* _What is needed_
Out of the material that follows, write out exactly the lines from the line with "Pi_pmf (words n)" to the line with "(\<forall>F. F \<subseteq>", both ends included, and no others.

* _Data to examine_

※ ※ ※

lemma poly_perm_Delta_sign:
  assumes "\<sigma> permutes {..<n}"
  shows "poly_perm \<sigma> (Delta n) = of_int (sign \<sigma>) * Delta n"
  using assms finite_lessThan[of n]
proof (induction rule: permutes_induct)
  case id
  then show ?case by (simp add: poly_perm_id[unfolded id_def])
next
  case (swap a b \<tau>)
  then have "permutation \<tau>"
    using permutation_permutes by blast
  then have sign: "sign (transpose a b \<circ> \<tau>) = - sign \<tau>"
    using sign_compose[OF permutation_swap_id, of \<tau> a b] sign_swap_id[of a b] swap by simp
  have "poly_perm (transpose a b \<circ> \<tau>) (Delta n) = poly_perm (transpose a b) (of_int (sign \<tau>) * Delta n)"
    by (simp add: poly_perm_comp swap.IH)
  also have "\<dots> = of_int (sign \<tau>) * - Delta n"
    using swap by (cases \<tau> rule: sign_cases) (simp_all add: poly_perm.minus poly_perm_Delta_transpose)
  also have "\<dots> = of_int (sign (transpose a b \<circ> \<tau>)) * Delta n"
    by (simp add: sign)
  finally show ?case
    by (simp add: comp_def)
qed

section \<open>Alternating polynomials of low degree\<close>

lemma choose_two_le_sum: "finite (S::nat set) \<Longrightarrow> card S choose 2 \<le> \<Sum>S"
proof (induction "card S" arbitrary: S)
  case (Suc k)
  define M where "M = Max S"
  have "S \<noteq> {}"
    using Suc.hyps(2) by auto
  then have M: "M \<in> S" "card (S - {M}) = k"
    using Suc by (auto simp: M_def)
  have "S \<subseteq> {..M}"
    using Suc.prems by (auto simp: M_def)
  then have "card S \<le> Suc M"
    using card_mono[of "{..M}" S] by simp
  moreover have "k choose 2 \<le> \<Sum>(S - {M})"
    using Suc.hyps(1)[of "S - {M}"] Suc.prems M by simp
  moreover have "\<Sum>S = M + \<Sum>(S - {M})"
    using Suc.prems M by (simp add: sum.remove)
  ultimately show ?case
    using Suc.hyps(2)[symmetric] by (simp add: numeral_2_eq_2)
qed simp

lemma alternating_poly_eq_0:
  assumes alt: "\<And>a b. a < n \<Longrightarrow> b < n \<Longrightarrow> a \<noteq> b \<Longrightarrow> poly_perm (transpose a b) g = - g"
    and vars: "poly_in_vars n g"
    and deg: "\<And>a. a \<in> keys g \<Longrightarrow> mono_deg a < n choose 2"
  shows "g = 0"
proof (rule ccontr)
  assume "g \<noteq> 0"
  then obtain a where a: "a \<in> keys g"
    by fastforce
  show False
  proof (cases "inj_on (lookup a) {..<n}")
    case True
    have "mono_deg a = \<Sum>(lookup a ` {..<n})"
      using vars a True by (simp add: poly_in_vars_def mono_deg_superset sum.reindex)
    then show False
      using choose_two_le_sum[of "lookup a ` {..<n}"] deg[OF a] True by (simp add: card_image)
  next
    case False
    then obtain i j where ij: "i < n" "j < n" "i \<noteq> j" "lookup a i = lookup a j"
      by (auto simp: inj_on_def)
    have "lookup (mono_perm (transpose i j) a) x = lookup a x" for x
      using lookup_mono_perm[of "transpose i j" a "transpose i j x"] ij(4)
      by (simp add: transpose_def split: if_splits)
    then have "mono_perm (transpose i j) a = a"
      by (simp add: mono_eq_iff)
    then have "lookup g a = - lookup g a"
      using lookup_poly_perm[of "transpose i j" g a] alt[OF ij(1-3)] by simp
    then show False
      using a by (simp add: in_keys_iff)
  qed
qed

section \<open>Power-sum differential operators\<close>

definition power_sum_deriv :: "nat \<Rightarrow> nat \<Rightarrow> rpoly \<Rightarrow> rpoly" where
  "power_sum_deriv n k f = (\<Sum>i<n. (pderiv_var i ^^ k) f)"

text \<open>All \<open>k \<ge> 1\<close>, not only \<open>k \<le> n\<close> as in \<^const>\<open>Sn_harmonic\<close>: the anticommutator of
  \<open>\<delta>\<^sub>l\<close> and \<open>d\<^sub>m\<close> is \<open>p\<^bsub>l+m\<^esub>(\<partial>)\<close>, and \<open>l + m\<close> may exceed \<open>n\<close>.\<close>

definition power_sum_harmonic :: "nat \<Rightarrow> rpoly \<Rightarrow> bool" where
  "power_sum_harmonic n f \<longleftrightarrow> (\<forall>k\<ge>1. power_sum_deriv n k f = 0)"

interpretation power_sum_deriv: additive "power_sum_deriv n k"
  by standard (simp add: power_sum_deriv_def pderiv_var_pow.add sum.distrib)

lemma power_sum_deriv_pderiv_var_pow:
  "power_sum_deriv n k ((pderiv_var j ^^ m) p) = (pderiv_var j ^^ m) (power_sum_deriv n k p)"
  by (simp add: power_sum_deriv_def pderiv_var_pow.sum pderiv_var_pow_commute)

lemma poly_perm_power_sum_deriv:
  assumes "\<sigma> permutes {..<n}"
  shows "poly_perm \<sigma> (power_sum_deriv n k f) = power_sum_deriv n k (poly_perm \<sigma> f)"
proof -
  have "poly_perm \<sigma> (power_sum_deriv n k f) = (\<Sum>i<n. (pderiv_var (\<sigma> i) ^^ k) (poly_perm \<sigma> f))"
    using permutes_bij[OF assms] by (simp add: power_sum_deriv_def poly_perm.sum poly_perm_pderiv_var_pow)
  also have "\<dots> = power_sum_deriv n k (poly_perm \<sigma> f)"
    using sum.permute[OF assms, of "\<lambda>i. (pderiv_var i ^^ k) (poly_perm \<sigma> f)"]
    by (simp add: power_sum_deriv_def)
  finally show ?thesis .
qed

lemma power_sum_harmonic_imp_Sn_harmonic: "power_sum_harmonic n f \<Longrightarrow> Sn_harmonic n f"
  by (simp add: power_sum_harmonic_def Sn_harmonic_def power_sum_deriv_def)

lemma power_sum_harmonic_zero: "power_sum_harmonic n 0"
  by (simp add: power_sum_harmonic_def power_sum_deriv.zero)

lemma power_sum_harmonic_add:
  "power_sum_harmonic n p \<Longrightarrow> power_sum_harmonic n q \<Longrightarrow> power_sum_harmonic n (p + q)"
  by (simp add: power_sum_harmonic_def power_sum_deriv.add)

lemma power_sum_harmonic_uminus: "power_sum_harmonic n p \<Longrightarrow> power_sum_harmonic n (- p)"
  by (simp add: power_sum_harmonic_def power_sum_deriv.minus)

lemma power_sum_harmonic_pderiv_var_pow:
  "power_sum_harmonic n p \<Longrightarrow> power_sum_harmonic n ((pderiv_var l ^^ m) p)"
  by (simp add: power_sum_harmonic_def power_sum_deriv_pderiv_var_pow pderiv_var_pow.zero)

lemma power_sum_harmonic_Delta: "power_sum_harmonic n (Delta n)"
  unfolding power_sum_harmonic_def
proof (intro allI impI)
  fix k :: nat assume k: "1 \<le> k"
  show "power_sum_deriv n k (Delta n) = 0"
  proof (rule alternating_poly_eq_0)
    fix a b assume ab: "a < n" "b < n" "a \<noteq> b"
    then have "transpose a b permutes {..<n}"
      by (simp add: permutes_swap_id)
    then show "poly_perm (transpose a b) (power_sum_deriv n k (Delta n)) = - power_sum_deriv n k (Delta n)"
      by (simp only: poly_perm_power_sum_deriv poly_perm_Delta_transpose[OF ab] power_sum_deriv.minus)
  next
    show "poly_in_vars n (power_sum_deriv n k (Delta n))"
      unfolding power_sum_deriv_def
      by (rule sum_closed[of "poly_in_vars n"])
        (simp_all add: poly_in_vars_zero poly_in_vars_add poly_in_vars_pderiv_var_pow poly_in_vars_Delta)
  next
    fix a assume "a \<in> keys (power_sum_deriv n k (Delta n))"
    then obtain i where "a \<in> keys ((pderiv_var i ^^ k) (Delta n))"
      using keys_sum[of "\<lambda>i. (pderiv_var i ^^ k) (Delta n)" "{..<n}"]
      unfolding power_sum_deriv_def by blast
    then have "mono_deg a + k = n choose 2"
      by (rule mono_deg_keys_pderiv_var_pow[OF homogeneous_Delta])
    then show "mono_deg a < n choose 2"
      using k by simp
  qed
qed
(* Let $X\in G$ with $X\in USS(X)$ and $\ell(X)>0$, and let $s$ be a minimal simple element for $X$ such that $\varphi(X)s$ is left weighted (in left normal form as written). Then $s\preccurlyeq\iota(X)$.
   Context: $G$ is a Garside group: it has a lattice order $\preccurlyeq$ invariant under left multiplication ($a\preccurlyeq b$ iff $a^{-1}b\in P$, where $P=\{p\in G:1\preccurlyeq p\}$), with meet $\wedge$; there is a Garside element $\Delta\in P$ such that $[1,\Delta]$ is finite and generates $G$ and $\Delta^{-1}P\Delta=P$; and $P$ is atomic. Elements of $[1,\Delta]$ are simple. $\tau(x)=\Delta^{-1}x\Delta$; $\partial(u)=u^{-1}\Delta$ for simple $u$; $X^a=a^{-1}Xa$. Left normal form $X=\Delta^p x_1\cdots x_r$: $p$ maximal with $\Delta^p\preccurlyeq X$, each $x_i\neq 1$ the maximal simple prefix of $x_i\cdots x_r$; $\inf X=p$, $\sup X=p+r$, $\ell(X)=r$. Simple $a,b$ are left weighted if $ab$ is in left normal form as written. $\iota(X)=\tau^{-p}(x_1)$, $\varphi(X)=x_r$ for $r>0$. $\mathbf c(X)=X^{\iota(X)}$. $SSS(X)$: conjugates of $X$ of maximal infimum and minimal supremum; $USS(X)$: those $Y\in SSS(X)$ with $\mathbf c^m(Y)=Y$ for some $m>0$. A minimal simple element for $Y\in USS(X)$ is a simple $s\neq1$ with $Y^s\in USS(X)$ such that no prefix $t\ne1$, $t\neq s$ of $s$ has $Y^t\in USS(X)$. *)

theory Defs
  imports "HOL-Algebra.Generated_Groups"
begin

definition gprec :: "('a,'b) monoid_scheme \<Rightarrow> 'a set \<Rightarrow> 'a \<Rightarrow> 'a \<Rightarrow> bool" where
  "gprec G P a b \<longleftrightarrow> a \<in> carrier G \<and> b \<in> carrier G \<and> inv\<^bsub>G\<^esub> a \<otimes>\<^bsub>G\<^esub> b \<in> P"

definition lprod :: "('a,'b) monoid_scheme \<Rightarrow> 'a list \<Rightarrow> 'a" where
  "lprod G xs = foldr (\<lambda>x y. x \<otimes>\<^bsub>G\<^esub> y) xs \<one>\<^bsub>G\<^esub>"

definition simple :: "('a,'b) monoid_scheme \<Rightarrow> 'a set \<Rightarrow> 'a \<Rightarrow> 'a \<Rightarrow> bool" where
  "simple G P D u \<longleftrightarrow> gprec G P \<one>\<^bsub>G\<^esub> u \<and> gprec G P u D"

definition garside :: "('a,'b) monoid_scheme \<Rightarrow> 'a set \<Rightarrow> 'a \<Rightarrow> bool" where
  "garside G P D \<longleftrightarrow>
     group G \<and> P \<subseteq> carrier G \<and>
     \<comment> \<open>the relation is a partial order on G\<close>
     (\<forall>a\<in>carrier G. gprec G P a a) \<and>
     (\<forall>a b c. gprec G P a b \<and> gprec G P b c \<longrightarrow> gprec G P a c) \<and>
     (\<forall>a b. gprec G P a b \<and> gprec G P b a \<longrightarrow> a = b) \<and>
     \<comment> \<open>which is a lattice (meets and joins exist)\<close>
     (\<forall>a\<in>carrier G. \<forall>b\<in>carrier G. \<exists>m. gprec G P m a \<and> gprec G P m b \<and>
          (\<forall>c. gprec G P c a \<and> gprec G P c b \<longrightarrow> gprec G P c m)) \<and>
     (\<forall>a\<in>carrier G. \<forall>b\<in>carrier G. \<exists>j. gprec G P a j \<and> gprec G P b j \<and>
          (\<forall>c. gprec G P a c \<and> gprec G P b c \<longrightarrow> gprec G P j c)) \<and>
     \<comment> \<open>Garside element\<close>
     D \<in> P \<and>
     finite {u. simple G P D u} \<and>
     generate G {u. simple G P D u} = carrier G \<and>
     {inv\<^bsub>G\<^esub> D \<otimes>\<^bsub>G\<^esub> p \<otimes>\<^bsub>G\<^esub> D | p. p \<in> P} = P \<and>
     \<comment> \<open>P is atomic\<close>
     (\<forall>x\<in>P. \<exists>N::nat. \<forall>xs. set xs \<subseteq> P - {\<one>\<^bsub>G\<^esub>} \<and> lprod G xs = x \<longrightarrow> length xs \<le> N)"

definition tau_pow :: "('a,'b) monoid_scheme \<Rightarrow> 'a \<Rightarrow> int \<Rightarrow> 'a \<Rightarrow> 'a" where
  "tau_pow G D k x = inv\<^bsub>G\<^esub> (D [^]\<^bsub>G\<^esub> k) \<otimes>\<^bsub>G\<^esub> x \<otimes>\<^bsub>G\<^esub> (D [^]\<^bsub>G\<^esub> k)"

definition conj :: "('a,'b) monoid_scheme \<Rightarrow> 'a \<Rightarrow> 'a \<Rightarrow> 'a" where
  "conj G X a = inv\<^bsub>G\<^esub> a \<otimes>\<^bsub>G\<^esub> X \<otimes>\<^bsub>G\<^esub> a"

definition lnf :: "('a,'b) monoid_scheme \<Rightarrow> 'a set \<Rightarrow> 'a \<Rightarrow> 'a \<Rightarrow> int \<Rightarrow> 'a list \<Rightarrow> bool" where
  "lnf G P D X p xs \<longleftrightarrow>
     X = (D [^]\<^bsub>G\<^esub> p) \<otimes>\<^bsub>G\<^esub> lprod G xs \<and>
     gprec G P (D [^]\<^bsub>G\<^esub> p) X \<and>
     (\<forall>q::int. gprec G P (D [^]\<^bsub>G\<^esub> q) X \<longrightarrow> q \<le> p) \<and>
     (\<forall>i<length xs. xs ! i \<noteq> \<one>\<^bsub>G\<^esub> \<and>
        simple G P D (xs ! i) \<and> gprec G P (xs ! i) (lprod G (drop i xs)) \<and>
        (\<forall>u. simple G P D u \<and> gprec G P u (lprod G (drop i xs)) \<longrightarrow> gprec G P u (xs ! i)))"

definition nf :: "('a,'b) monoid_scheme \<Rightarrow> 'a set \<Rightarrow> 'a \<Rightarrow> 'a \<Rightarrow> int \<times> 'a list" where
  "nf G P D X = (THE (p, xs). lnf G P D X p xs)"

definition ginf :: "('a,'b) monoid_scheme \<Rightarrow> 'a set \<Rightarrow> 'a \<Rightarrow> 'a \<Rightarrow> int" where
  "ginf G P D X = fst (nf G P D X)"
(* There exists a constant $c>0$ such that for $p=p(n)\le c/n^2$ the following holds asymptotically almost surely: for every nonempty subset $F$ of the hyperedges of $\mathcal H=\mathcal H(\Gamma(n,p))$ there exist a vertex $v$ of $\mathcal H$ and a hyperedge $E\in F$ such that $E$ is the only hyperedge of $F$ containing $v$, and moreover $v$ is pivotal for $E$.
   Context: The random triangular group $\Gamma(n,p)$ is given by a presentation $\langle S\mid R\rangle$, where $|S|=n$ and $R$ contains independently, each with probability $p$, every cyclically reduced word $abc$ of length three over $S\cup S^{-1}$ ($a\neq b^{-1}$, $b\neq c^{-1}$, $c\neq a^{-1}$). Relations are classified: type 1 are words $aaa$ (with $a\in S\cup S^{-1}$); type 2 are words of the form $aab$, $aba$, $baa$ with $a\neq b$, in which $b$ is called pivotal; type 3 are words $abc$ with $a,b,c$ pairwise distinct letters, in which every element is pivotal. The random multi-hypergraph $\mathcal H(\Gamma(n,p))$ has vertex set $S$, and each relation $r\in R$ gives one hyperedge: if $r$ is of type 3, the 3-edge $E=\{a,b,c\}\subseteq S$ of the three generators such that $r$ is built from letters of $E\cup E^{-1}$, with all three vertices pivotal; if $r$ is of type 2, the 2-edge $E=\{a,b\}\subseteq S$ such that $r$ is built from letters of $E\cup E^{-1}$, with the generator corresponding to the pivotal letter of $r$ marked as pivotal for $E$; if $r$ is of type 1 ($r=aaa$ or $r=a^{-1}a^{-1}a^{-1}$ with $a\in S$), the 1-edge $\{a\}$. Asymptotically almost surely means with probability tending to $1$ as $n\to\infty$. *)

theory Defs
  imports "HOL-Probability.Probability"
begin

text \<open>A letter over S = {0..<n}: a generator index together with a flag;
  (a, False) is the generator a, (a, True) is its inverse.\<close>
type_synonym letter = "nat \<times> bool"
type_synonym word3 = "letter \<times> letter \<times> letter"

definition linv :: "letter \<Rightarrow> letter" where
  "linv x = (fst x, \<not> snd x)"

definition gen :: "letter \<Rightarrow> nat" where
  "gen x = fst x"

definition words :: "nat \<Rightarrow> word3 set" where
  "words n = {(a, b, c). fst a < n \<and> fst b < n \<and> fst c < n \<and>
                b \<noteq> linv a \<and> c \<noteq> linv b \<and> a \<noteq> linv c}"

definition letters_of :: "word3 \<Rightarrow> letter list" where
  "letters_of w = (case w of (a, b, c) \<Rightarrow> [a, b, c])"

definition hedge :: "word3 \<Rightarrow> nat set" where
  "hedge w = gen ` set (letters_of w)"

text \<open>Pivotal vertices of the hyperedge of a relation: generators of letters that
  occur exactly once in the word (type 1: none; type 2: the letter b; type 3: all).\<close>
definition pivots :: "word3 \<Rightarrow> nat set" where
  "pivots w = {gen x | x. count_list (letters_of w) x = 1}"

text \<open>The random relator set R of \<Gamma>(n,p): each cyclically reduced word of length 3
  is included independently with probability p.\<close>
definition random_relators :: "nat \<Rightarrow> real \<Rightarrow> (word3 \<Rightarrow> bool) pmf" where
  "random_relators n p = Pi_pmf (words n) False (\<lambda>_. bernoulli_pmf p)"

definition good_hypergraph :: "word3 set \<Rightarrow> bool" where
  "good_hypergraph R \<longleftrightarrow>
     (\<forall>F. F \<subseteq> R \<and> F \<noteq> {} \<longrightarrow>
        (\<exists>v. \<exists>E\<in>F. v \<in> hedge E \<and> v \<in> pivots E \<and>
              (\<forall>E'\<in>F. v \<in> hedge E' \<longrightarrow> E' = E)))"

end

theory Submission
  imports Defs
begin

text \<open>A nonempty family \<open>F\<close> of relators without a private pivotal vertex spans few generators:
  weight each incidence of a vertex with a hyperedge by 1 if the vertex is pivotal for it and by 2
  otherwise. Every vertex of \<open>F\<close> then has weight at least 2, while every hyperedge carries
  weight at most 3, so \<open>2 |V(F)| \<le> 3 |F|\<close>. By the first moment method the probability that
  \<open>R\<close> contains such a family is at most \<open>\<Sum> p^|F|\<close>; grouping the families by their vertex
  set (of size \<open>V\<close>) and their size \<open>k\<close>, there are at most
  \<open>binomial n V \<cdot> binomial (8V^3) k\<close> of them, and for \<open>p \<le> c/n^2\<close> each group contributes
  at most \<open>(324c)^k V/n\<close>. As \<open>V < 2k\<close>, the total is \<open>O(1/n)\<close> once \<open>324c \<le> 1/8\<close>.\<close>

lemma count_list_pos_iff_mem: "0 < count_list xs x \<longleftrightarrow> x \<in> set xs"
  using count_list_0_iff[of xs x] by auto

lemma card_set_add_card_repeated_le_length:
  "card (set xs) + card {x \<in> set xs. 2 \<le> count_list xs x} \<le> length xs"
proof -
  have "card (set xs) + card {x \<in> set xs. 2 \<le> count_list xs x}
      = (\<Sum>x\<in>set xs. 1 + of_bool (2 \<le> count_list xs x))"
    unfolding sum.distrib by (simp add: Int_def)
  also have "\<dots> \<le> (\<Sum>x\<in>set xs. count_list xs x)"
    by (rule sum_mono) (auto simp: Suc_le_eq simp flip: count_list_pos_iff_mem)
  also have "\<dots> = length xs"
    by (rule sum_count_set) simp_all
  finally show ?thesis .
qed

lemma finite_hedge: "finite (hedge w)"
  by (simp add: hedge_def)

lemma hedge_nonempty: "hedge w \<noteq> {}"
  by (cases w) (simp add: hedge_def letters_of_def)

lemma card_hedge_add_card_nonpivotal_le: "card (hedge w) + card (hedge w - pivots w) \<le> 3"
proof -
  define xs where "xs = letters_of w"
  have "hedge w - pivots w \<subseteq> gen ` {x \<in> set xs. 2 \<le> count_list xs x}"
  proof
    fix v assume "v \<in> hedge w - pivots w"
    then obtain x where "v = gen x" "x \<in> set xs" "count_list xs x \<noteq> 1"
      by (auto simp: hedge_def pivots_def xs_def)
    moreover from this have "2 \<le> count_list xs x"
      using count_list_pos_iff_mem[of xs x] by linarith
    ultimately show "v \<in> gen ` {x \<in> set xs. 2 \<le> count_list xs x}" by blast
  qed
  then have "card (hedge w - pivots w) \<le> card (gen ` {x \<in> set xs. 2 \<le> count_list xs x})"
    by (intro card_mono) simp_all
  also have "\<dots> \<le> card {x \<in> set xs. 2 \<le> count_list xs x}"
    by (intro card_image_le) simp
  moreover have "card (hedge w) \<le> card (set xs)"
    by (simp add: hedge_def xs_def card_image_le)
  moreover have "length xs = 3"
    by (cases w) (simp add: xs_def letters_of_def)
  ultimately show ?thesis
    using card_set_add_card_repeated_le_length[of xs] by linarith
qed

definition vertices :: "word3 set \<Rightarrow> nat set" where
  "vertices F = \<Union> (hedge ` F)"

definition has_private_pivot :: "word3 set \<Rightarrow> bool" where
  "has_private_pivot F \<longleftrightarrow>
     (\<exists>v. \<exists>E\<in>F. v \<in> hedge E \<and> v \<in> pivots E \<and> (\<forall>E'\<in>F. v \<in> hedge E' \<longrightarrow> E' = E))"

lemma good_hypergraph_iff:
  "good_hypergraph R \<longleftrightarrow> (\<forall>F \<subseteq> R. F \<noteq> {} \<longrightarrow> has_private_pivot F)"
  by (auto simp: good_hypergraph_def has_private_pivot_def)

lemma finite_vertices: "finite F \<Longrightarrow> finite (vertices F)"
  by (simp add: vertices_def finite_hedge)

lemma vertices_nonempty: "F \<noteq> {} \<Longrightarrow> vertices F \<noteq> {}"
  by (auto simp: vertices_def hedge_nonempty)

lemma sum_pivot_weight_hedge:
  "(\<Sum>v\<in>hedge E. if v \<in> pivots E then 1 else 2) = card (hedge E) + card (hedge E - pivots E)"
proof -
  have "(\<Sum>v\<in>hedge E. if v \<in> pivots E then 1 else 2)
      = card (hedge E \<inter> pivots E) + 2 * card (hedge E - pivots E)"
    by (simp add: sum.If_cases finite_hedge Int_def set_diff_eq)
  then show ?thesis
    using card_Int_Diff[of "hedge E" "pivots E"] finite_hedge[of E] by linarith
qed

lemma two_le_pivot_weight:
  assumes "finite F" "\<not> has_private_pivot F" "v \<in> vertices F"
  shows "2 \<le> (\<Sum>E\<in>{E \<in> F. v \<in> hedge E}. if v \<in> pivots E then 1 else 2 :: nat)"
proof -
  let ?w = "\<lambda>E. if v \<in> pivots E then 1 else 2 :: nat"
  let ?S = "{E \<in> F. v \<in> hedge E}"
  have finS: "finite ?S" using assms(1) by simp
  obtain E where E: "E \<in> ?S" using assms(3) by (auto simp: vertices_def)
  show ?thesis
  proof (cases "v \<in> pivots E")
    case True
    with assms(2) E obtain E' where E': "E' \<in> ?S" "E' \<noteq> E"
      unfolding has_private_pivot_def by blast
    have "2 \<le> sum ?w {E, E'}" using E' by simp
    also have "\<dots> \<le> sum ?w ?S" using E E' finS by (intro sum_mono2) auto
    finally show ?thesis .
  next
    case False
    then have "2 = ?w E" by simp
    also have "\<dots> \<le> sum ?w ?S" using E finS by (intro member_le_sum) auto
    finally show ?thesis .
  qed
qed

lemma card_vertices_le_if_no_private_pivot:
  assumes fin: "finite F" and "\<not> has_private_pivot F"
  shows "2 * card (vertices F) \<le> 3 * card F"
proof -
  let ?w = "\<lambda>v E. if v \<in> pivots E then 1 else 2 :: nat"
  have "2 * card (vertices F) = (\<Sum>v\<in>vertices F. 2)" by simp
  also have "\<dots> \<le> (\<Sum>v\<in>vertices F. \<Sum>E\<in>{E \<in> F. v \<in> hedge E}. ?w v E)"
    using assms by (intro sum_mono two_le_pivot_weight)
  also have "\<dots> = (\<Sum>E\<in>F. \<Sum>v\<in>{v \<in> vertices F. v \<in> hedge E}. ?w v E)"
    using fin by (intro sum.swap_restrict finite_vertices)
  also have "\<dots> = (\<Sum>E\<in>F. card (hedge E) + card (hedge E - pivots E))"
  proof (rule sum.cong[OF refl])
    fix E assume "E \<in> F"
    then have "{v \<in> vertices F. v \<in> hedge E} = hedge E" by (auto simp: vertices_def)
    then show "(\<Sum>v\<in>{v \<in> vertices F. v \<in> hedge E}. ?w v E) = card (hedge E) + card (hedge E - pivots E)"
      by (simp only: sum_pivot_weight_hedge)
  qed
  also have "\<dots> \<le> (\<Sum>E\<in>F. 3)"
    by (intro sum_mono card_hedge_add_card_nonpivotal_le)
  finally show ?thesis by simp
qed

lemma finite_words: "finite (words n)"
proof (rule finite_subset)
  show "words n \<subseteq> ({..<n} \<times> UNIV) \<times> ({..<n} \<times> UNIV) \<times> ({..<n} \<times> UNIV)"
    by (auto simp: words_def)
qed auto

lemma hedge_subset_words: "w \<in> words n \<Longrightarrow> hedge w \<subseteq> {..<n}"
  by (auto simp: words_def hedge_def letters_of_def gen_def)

※ ※ ※

* _Solution to this problem_
  "random_relators n p = Pi_pmf (words n) False (\<lambda>_. bernoulli_pmf p)"

definition good_hypergraph :: "word3 set \<Rightarrow> bool" where
  "good_hypergraph R \<longleftrightarrow>
     (\<forall>F. F \<subseteq> R \<and> F \<noteq> {} \<longrightarrow>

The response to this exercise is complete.